Shafick Osman, docteur en géopolitique : «Un intellectuel, un féru d’histoire politique»
«J’ai connu Malenn Oodiah en 1991 quand je travaillais au Mauricien, c’est-à-dire au tout début de ma carrière. Il est venu me voir un jour, dans la salle de rédaction, et il m’a proposé de créer une "boîte de communication" avec lui. Je lui ai dit oui, et très vite, il m’a introduit à son ami Radha Ramen et à son camarade Noor Adam Essack. C’est ainsi que Synergik fut créée, qui devint ensuite Vecteur Synergik quand nous nous séparâmes. On se rencontrait chez CREDEFI, son centre de documentation, qui était à l’étage de son appartement de l’époque. Bien des années après, nous nous sommes retrouvés sur des plateaux de radio.

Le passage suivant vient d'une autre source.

(* Let $R_n\in\mathbb{Z}[x,y,z]$ be the Markov–Pell polynomials. Then for all $k\ge2$, $$R_{2k+1}=(x^2+y^2)(x^2+y^2+z^2)\,R_{2k-1}-x^2y^2z^4\,R_{2k-3},$$ and for all $k\ge0$, $R_{2k+1}(x,y,z)=P_{k/(k+1)}(x^2,y^2,z^2)$ (with $P_{0/1}:=1$).
   Context: Markov polynomials. Let $x,y,z$ be indeterminates. Consider the set consisting of all rationals $\rho\in[0,1]$, each written in lowest terms $\rho=a/b$ with integers $a\ge 0$, $b\ge 1$, together with the formal symbol $1/0$. Define Laurent polynomials $M_\rho(x,y,z)$ recursively by $M_{1/0}=y$, $M_{0/1}=x$, $M_{1/1}=\frac{x^2+y^2}{z}$, and: whenever $a/b$, $c/d$ are in this set with $|ad-bc|=1$ and $(a+2c)/(b+2d)\in[0,1]$, then $M_{\frac{a+2c}{b+2d}}=\big(M_{c/d}^2+M_{\frac{a+c}{b+d}}^2\big)/M_{a/b}$. This determines $M_\rho$ for every rational $\rho\in[0,1]$. Numerator. For coprime $1\le a\le b$, $P_{a/b}(u,v,w)$ denotes the homogeneous polynomial of degree $a+b-1$ such that $M_{a/b}(x,y,z)=P_{a/b}(x^2,y^2,z^2)/(x^{a-1}y^{b-1}z^{a+b-1})$; its existence is known. Markov–Pell polynomials: $R_0=0$, $R_1=1$, and for $k\ge1$: $R_{2k}=(x^2+y^2)R_{2k-1}+y^2z^2R_{2k-2}$, $R_{2k+1}=(x^2+y^2)R_{2k}+x^2z^2R_{2k-1}$. *)

theory Defs
  imports Complex_Main
begin

fun MP :: "'a::comm_ring_1 \<Rightarrow> 'a \<Rightarrow> 'a \<Rightarrow> nat \<Rightarrow> 'a" where
  "MP x y z 0 = 0"
| "MP x y z (Suc 0) = 1"
| "MP x y z (Suc (Suc n)) =
     (if even n then (x^2 + y^2) * MP x y z (Suc n) + y^2 * z^2 * MP x y z n
      else (x^2 + y^2) * MP x y z (Suc n) + x^2 * z^2 * MP x y z n)"

text \<open>A fraction a/b (lowest terms,
  or the formal symbol 1/0) is represented by the pair (a,b). Markov_rel x y z (a,b) v
  means: the recursion of the paper derives the value v for M_{a/b}(x,y,z).\<close>
inductive Markov_rel :: "real \<Rightarrow> real \<Rightarrow> real \<Rightarrow> nat \<times> nat \<Rightarrow> real \<Rightarrow> bool"
  for x y z :: real where
  inf: "Markov_rel x y z (1, 0) y"
| zero: "Markov_rel x y z (0, 1) x"
| one: "Markov_rel x y z (1, 1) ((x^2 + y^2) / z)"
| step: "\<lbrakk> Markov_rel x y z (a, b) A; Markov_rel x y z (c, d) C;
           Markov_rel x y z (a + c, b + d) B;
           \<bar>int a * int d - int b * int c\<bar> = 1;
           a + 2 * c \<le> b + 2 * d \<rbrakk>
         \<Longrightarrow> Markov_rel x y z (a + 2 * c, b + 2 * d) ((C^2 + B^2) / A)"

definition Markov_M :: "real \<Rightarrow> real \<Rightarrow> real \<Rightarrow> nat \<Rightarrow> nat \<Rightarrow> real" where
  "Markov_M x y z a b = (THE v. Markov_rel x y z (a, b) v)"

end

theory Submission
  imports Defs
begin

text \<open>Eliminating the even-indexed terms, the odd Markov-Pell polynomials T k = R (2k+1)
  satisfy a three-term linear recurrence, hence the Cassini identity
  T (k+2) T k - T (k+1)^2 = (x^2 y^2 z^4)^k (x^2 + y^2)^2 y^2 z^2.
  After rescaling, N k = T k x / (x y z^2)^k, this is exactly the Markov exchange relation
  N (k+2) N k = M(1/1)^2 + N (k+1)^2, i.e. the defining recursion applied to the Farey
  neighbours k/(k+1) and 1/1; since N 0 = M(0/1) and N 1 = M(1/2), we get N k = M(k/(k+1)).
  The recursion determines each value uniquely because (a + 2c, b + 2d) determines the
  unimodular pair (a, b), (c, d).\<close>

lemma MP_even_step:
  "even n \<Longrightarrow> MP x y z (n+2) = (x^2 + y^2) * MP x y z (n+1) + y^2 * z^2 * MP x y z n"
  using MP.simps(3)[of x y z n] by simp

lemma MP_odd_step:
  "odd n \<Longrightarrow> MP x y z (n+2) = (x^2 + y^2) * MP x y z (n+1) + x^2 * z^2 * MP x y z n"
  using MP.simps(3)[of x y z n] by simp

declare MP.simps(3) [simp del]

lemma MP_odd_recurrence:
  assumes "odd n"
  shows "MP x y z (n+4) = (x^2 + y^2) * (x^2 + y^2 + z^2) * MP x y z (n+2)
                          - x^2 * y^2 * z^4 * MP x y z n"
proof -
  have "odd (n+2)" "even (n+1)" using assms by simp_all
  then have four: "MP x y z (n+4) = (x^2 + y^2) * MP x y z (n+3) + x^2 * z^2 * MP x y z (n+2)"
    and three: "MP x y z (n+3) = (x^2 + y^2) * MP x y z (n+2) + y^2 * z^2 * MP x y z (n+1)"
    using MP_odd_step MP_even_step by (simp_all add: eval_nat_numeral)
  have two: "MP x y z (n+2) = (x^2 + y^2) * MP x y z (n+1) + x^2 * z^2 * MP x y z n"
    using MP_odd_step[OF assms] .
  show ?thesis
    unfolding four three two by (simp add: algebra_simps power2_eq_square power4_eq_xxxx)
qed

lemma MP_3: "MP x y z 3 = (x^2 + y^2)^2 + x^2 * z^2"
  using MP_odd_step[of 1 x y z] MP_even_step[of 0 x y z] by (simp add: power2_eq_square numeral_3_eq_3)

lemma linear_recurrence_cassini:
  fixes T :: "nat \<Rightarrow> 'a::comm_ring_1"
  assumes rec: "\<And>n. T (Suc (Suc n)) = \<alpha> * T (Suc n) - \<beta> * T n"
  shows "T (Suc (Suc n)) * T n - T (Suc n)^2 = \<beta>^n * (T 2 * T 0 - T 1 ^ 2)"
proof (induction n)
  case 0
  then show ?case by (simp add: numeral_2_eq_2)
next
  case (Suc n)
  have "T (Suc (Suc (Suc n))) * T (Suc n) - T (Suc (Suc n))^2
      = \<beta> * (T (Suc (Suc n)) * T n - T (Suc n)^2)"
    by (simp add: rec algebra_simps power2_eq_square)
  then show ?case using Suc by simp
qed

lemma MP_odd_cassini:
  "MP x y z (2*n+5) * MP x y z (2*n+1) - (MP x y z (2*n+3))^2
     = (x^2 * y^2 * z^4)^n * (x^2 + y^2)^2 * y^2 * z^2"
proof -
  let ?T = "\<lambda>n. MP x y z (2*n+1)"
  have rec: "?T (Suc (Suc n)) = (x^2 + y^2) * (x^2 + y^2 + z^2) * ?T (Suc n) - x^2 * y^2 * z^4 * ?T n" for n
    using MP_odd_recurrence[of "2*n+1" x y z, simplified] by (simp add: eval_nat_numeral)
  have T1: "?T 1 = (x^2 + y^2)^2 + x^2 * z^2"
    using MP_3 by simp
  have "?T (Suc (Suc n)) * ?T n - ?T (Suc n)^2 = (x^2 * y^2 * z^4)^n * (?T 2 * ?T 0 - ?T 1 ^ 2)"
    by (rule linear_recurrence_cassini[of ?T, OF rec])
  also have "?T 2 * ?T 0 - ?T 1 ^ 2 = (x^2 + y^2)^2 * y^2 * z^2"
    using rec[of 0] T1 by (simp add: algebra_simps power2_eq_square power4_eq_xxxx eval_nat_numeral)
  finally show ?thesis by (simp add: ac_simps eval_nat_numeral)
qed

lemma MP_pos:
  fixes x y z :: real
  assumes "x \<noteq> 0 \<or> y \<noteq> 0" and "0 < n"
  shows "0 < MP x y z n"
  using assms(2)
proof (induction n rule: induct_nat_012)
  case (ge2 n)
  have "0 < x^2 + y^2" using assms(1) by (simp add: sum_power2_gt_zero_iff)
  moreover have "0 \<le> MP x y z n" using ge2.IH(1) by (cases "n = 0") auto
  ultimately show ?case
    using ge2.IH(2) by (auto simp: MP.simps(3) intro!: add_pos_nonneg)
qed simp_all

lemma Farey_step_decomposition_unique:
  fixes a b c d a' b' c' d' :: nat
  assumes sum: "a + 2*c = a' + 2*c'" "b + 2*d = b' + 2*d'"
    and det: "\<bar>int a * int d - int b * int c\<bar> = 1" "\<bar>int a' * int d' - int b' * int c'\<bar> = 1"
  shows "a = a' \<and> b = b' \<and> c = c' \<and> d = d'"
proof -
  define p q where "p = int a + 2 * int c" and "q = int b + 2 * int d"
  define e e' where "e = int c * q - int d * p" and "e' = int c' * q - int d' * p"
  define \<Delta> where "\<Delta> = int c * int d' - int c' * int d"
  \<comment> \<open>|p \<Delta>| \<le> c + c' \<le> p and |q \<Delta>| \<le> d + d' \<le> q, so \<Delta> \<noteq> 0 would force a = b = 0\<close>
  have p': "p = int a' + 2 * int c'" and q': "q = int b' + 2 * int d'"
    using sum unfolding p_def q_def by linarith+
  have "e = int b * int c - int a * int d"
    unfolding e_def p_def q_def by (simp add: algebra_simps)
  moreover have "e' = int b' * int c' - int a' * int d'"
    unfolding e'_def p' q' by (simp add: algebra_simps)
  ultimately have e: "e = 1 \<or> e = -1" and e': "e' = 1 \<or> e' = -1"
    using det by linarith+
  have p\<Delta>: "p * \<Delta> = e * int c' - e' * int c" and q\<Delta>: "q * \<Delta> = e * int d' - e' * int d"
    unfolding e_def e'_def \<Delta>_def by (simp_all add: algebra_simps)
  have "\<Delta> = 0"
  proof (rule ccontr)
    assume "\<Delta> \<noteq> 0"
    then have "1 \<le> \<bar>\<Delta>\<bar>" by linarith
    then have "p \<le> \<bar>p * \<Delta>\<bar>" "q \<le> \<bar>q * \<Delta>\<bar>"
      using mult_left_mono[of 1 "\<bar>\<Delta>\<bar>"] unfolding p_def q_def abs_mult by simp_all
    then have "p \<le> int c + int c'" "q \<le> int d + int d'"
      using e e' unfolding p\<Delta> q\<Delta> by auto
    then have "a = 0" "b = 0" using p' q' unfolding p_def q_def by linarith+
    then show False using det(1) by simp
  qed
  then have "e * int c' = e' * int c" "e * int d' = e' * int d"
    using p\<Delta> q\<Delta> by simp_all
  then have "c = c' \<and> d = d'"
    using e e' det(1) by auto
  then show ?thesis using sum by simp
qed

lemma Farey_step_target_ge_3:
  assumes "\<bar>int a * int d - int b * int c\<bar> = 1"
  shows "3 \<le> (a + 2*c) + (b + 2*d)"
proof -
  have "a + b \<noteq> 0" "c + d \<noteq> 0" using assms by (intro notI, simp)+
  then show ?thesis by linarith
qed

lemma Markov_rel_initial_values:
  assumes "Markov_rel x y z P v" and "fst P + snd P < 3"
  shows "(P = (1, 0) \<and> v = y) \<or> (P = (0, 1) \<and> v = x) \<or> (P = (1, 1) \<and> v = (x^2 + y^2) / z)"
  using assms by cases (auto dest: Farey_step_target_ge_3)

lemma Markov_rel_unique:
  assumes "Markov_rel x y z P v" and "Markov_rel x y z P w"
  shows "v = w"
  using assms
proof (induction arbitrary: w rule: Markov_rel.induct)
  case inf
  show ?case using Markov_rel_initial_values[OF inf.prems] by simp
next
  case zero
  show ?case using Markov_rel_initial_values[OF zero.prems] by simp
next
  case one
  show ?case using Markov_rel_initial_values[OF one.prems] by simp
next
  case (step a b A c d C B)
  have large: "3 \<le> (a + 2*c) + (b + 2*d)"
    using Farey_step_target_ge_3 step.hyps(4) .
  from step.prems show ?case
  proof cases
    case (step a' b' A' c' d' C' B')
    then have "a = a' \<and> b = b' \<and> c = c' \<and> d = d'"
      using Farey_step_decomposition_unique[of a c a' c' b d b' d'] step.hyps(4) by simp
    then have "A = A'" "C = C'" "B = B'"
      using step.IH \<open>Markov_rel x y z (a', b') A'\<close> \<open>Markov_rel x y z (c', d') C'\<close>
        \<open>Markov_rel x y z (a' + c', b' + d') B'\<close> by simp_all
    then show ?thesis using \<open>w = (C'\<^sup>2 + B'\<^sup>2) / A'\<close> by simp
  qed (use large in simp_all)
qed

lemma Markov_M_eqI:
  assumes "Markov_rel x y z (a, b) v"
  shows "Markov_M x y z a b = v"
  unfolding Markov_M_def using assms by (blast intro: Markov_rel_unique)

lemma MP_odd_scaled_exchange:
  fixes x y z :: real
  assumes "x \<noteq> 0" "y \<noteq> 0" "z \<noteq> 0"
    and N_eq: "\<And>k. N k = MP x y z (2*k+1) * x / (x*y*z^2)^k"
  shows "N (k+2) * N k = ((x^2 + y^2) / z)^2 + N (k+1)^2"
proof -
  define u where "u = x*y*z^2"
  have "u \<noteq> 0" using assms unfolding u_def by simp
  have "N (k+2) * N k - N (k+1)^2
      = (MP x y z (2*k+5) * MP x y z (2*k+1) - MP x y z (2*k+3)^2) * x^2 / u^(2*k+2)"
    using \<open>u \<noteq> 0\<close> unfolding N_eq u_def[symmetric]
    by (simp add: field_simps power_add power2_eq_square mult_2 eval_nat_numeral)
  also have "\<dots> = (u^2)^k * (x^2 + y^2)^2 * y^2 * z^2 * x^2 / u^(2*k+2)"
    unfolding MP_odd_cassini u_def by (simp add: power_mult_distrib power4_eq_xxxx power2_eq_square)
  also have "\<dots> = (x^2 + y^2)^2 * y^2 * z^2 * x^2 / u^2"
    using \<open>u \<noteq> 0\<close> unfolding power_add power_mult by simp
  also have "\<dots> = ((x^2 + y^2) / z)^2"
    using assms unfolding u_def by (simp add: field_simps power2_eq_square power4_eq_xxxx)
  finally show ?thesis by (simp add: algebra_simps)
qed

lemma Markov_rel_MP_odd:
  fixes x y z :: real
  assumes nz: "x \<noteq> 0" "y \<noteq> 0" "z \<noteq> 0"
  shows "Markov_rel x y z (k, k+1) (MP x y z (2*k+1) * x / (x*y*z^2)^k)"
proof -
  define N where "N k = MP x y z (2*k+1) * x / (x*y*z^2)^k" for k
  have "Markov_rel x y z (k, k+1) (N k)"
  proof (induction k rule: induct_nat_012)
    case 0
    show ?case using Markov_rel.zero unfolding N_def by simp
  next
    case 1
    have "Markov_rel x y z (1 + 2*0, 0 + 2*1) ((x^2 + ((x^2 + y^2) / z)^2) / y)"
      by (rule Markov_rel.step[OF Markov_rel.inf Markov_rel.zero]) (use Markov_rel.one in simp_all)
    moreover have "N 1 = (x^2 + ((x^2 + y^2) / z)^2) / y"
      using nz unfolding N_def by (simp add: MP_3[unfolded numeral_3_eq_3] field_simps power2_eq_square)
    ultimately show ?case by simp
  next
    case (ge2 k)
    have "N k \<noteq> 0"
      using MP_pos[of x y "2*k+1" z] nz unfolding N_def by simp
    then have "N (k+2) = (((x^2 + y^2) / z)^2 + N (k+1)^2) / N k"
      using MP_odd_scaled_exchange[OF nz N_def, of k] by (simp add: field_simps)
    moreover have "Markov_rel x y z (k + 2*1, (k+1) + 2*1) ((((x^2 + y^2) / z)^2 + N (k+1)^2) / N k)"
      by (rule Markov_rel.step[OF ge2.IH(1) Markov_rel.one]) (use ge2.IH(2) in simp_all)
    ultimately show ?case by simp
  qed
  then show ?thesis unfolding N_def .
qed

theorem mainTheorem8:
  shows "(\<forall>(x::'a::comm_ring_1) y z k. k \<ge> 2 \<longrightarrow>
            MP x y z (2*k+1) = (x^2 + y^2) * (x^2 + y^2 + z^2) * MP x y z (2*k-1)
                               - x^2 * y^2 * z^4 * MP x y z (2*k-3))
       \<and> (\<forall>(x::real) y z k. x \<noteq> 0 \<longrightarrow> y \<noteq> 0 \<longrightarrow> z \<noteq> 0 \<longrightarrow>
            Markov_M x y z k (k+1) = MP x y z (2*k+1) / (x powi (int k - 1) * y^k * z^(2*k)))"
proof (intro conjI allI impI)
  fix x y z :: 'a and k :: nat
  assume "k \<ge> 2"
  then have "odd (2*k-3)" "2*k-3+4 = 2*k+1" "2*k-3+2 = 2*k-1" by presburger+
  then show "MP x y z (2*k+1) = (x^2 + y^2) * (x^2 + y^2 + z^2) * MP x y z (2*k-1)
                               - x^2 * y^2 * z^4 * MP x y z (2*k-3)"
    using MP_odd_recurrence by metis
next
  fix x y z :: real and k :: nat
  assume nz: "x \<noteq> 0" "y \<noteq> 0" "z \<noteq> 0"
  have "x powi (int k - 1) * y^k * z^(2*k) = (x*y*z^2)^k / x"
    using nz by (simp add: power_int_diff power_mult_distrib power_mult)
  then show "Markov_M x y z k (k+1) = MP x y z (2*k+1) / (x powi (int k - 1) * y^k * z^(2*k))"
    using Markov_M_eqI[OF Markov_rel_MP_odd[OF nz]] nz by simp
qed

end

Malenn était un intellectuel, un féru d’histoire politique du pays, un fin analyste, mais aussi un conseiller stratégique et politique (au sens large du terme).»
Des mots, des idées…
Des interviews, des rencontres, des partages ; Malenn Oodiah a nourri nos colonnes de ses idées et de ses réflexions pendant de nombreuses années. Voici quelques-unes de ses dernières citations fortes :
«Même si nous ne sommes pas sur le même pont, nous sommes sur le même bateau. Ce sont les hommes et les femmes qui font l’histoire et c’est la responsabilité et le devoir de chaque citoyen d’apporter sa contribution afin de construire une société meilleure.»
«Sur le plan du développement économique, nous avons progressé mais nous avons besoin d’un nouveau modèle avec de nouveaux piliers, et il nous faut réaliser l’importance de nos richesses les plus précieuses : notre population et notre capital naturel.»
«Il y a un fait nouveau qui est la quête du bonheur individuel, avec toutefois une grosse interrogation sur le destin collectif. Il existe de nombreuses initiatives citoyennes qui sont de réelles lueurs d’espoir pour construire demain. Des synergies se mettent en place et demandent à être amplifiées à travers un dialogue fondé sur l’écoute et la raison communicative (…). Il faut constamment entretenir la flamme de l’espoir.»
«Il y a une prise de conscience de l’essentiel, de l’importance de la nature et de l’environnement, et du défi du réchauffement climatique, de l’importance d’un développement au service de l’humain. Le tout allant dans un nouveau sens de la vie et de la vie en société. Mais les dynamiques mortifères d’un système au seul service de l’argent diable ont encore le dessus. Actuellement, le défi consiste à trouver des réponses à la montée des forces populistes, voire néofascistes, pour un renouveau politique.»